lemma mult_op_isolates_vacuum:
  assumes V: "closed_subspace n V" and inv: "\<And>f. f \<in> V \<Longrightarrow> mult_op n d f \<in> V"
    and d0: "cmod (d (\<lambda>_. 0)) = 1" and r: "0 \<le> r" "r < 1"
    and d: "\<And>k. k \<in> idx n \<Longrightarrow> k \<noteq> (\<lambda>_. 0) \<Longrightarrow> cmod (d k) \<le> r"
    and g: "g \<in> V" "g (\<lambda>_. 0) \<noteq> 0"
  shows "ket (\<lambda>_. 0) \<in> V"
proof -
  let ?z = "\<lambda>_ :: nat. 0 :: nat"
  have z: "?z \<in> idx n" by (simp add: idx_def)
  have gl: "g \<in> l2 n" using V g(1) by (auto simp: closed_subspace_def)
  define h where "h p = scal (inverse (d ?z) ^ p) ((mult_op n d ^^ p) g)" for p
  have "(mult_op n d ^^ p) g \<in> V" for p by (induction p) (auto intro: inv g(1))
  then have hV: "h p \<in> V" for p unfolding h_def by (rule closed_subspace_scal[OF V])
  have "l2_norm n (\<lambda>k. h p k - scal (g ?z) (ket ?z) k) \<le> r ^ p * l2_norm n g" for p
  proof (rule l2_dominated(2)[OF gl zero_le_power[OF r(1)]])
    fix k
    show "k \<notin> idx n \<Longrightarrow> h p k - scal (g ?z) (ket ?z) k = 0"
      using z by (auto simp: h_def scal_def ket_def mult_op_funpow[OF gl])
    assume k: "k \<in> idx n"
    show "cmod (h p k - scal (g ?z) (ket ?z) k) \<le> r ^ p * cmod (g k)"
    proof (cases "k = ?z")
      case True
      have "d ?z \<noteq> 0" using d0 by auto
      then have "h p ?z = g ?z"
        using z by (simp add: h_def scal_def mult_op_funpow[OF gl] mult.assoc[symmetric]
            power_mult_distrib[symmetric])
      then show ?thesis using True r(1) by (simp add: scal_def ket_def)
    next
      case False
      have "cmod (d k) ^ p \<le> r ^ p" by (rule power_mono[OF d[OF k False] norm_ge_zero])
      then show ?thesis using False k d0
        by (simp add: h_def scal_def ket_def mult_op_funpow[OF gl] norm_mult norm_power
            norm_inverse mult_right_mono)
    qed
  qed
  then have "scal (g ?z) (ket ?z) \<in> V"
    using r by (intro closed_subspace_limit[OF V l2_scal[OF ket_in_l2[OF z]] hV]) auto
  then have "scal (inverse (g ?z)) (scal (g ?z) (ket ?z)) \<in> V" by (rule closed_subspace_scal[OF V])
  then show ?thesis using g(2) by (simp add: scal_def mult.assoc[symmetric])
qed
lemma state_class_state_step:
  assumes st: "state_step Y B dag \<sigma> \<tau>" and p: "p \<in> pi1 X (rho B (fst \<sigma>)) stx"
  shows "state_class Y X B dag stx \<sigma> p = state_class Y X B dag stx \<tau> p"
proof -
  obtain z qw b qw' b' where s: "\<sigma> = (z, qw, b)" "\<tau> = (z, qw', b')" and zV: "z \<in> Vb B"
    and W: "gwalk Y dag qw (lam B z)" and W': "gwalk Y dag qw' (lam B z)"
    and b: "b \<in> bset B z" and b': "b' \<in> bset B z"
    and R: "(gstep Y dag qw qw' \<and> b = b') \<or>
      (\<exists>h\<in>carrier (grp Y (lam B z)). qw = qw' @ [Elt (lam B z) h] \<and> b' = lact B z h b)"
    using st unfolding state_step_def by blast
  from R show ?thesis
  proof
    assume "gstep Y dag qw qw' \<and> b = b'"
    then show ?thesis using s gcls_gstep[of Y dag qw qw'] by simp
  next
    assume "\<exists>h\<in>carrier (grp Y (lam B z)). qw = qw' @ [Elt (lam B z) h] \<and> b' = lact B z h b"
    then obtain h where h: "h \<in> carrier (grp Y (lam B z))" "qw = qw' @ [Elt (lam B z) h]" "b' = lact B z h b"
      by blast
    have gc: "gcomp Y (dag, gcls Y dag qw') (gel Y (lam B z) h) = (dag, gcls Y dag qw)"
      unfolding gel_def using gcomp_gcls[OF Y W'] Vb_lam[OF zV] h by simp
    have "tstep Y X B dag stx z ((dag, gcls Y dag qw), b, p) ((dag, gcls Y dag qw'), b', p)"
      unfolding tstep_def
    proof (intro conjI disjI1)
      show "tdom Y X B dag stx z ((dag, gcls Y dag qw), b, p)"
        "tdom Y X B dag stx z ((dag, gcls Y dag qw'), b', p)"
        using tdom_state zV W W' b b' p s by simp_all
      show "\<exists>h\<in>carrier (grp Y (lam B z)). fst ((dag, gcls Y dag qw), b, p)
          = gcomp Y (fst ((dag, gcls Y dag qw'), b', p)) (gel Y (lam B z) h) \<and>
          fst (snd ((dag, gcls Y dag qw'), b', p)) = lact B z h (fst (snd ((dag, gcls Y dag qw), b, p))) \<and>
          snd (snd ((dag, gcls Y dag qw'), b', p)) = snd (snd ((dag, gcls Y dag qw), b, p))"
        using gc h by (intro bexI[OF _ h(1)]) simp
    qed
    then show ?thesis using s tcls_tstep by simp
  qed
qed

lemma state_class_state_eq:
  assumes st: "state_eq Y B dag \<sigma> \<tau>" and p: "p \<in> pi1 X (rho B (fst \<sigma>)) stx"
  shows "state_class Y X B dag stx \<sigma> p = state_class Y X B dag stx \<tau> p"
  using st p
  by (rule equivclp_invariant_on[where I = "\<lambda>\<sigma>. p \<in> pi1 X (rho B (fst \<sigma>)) stx"])
     (simp_all add: state_step_fst state_class_state_step)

:::

Work task – Going down from the first line of the entries above, restate each line word for word until the line holding "define h where" is done.

Completed exercise –
lemma mult_op_isolates_vacuum:
  assumes V: "closed_subspace n V" and inv: "\<And>f. f \<in> V \<Longrightarrow> mult_op n d f \<in> V"
    and d0: "cmod (d (\<lambda>_. 0)) = 1" and r: "0 \<le> r" "r < 1"
    and d: "\<And>k. k \<in> idx n \<Longrightarrow> k \<noteq> (\<lambda>_. 0) \<Longrightarrow> cmod (d k) \<le> r"
    and g: "g \<in> V" "g (\<lambda>_. 0) \<noteq> 0"
  shows "ket (\<lambda>_. 0) \<in> V"
proof -
  let ?z = "\<lambda>_ :: nat. 0 :: nat"
  have z: "?z \<in> idx n" by (simp add: idx_def)
  have gl: "g \<in> l2 n" using V g(1) by (auto simp: closed_subspace_def)
  define h where "h p = scal (inverse (d ?z) ^ p) ((mult_op n d ^^ p) g)" for p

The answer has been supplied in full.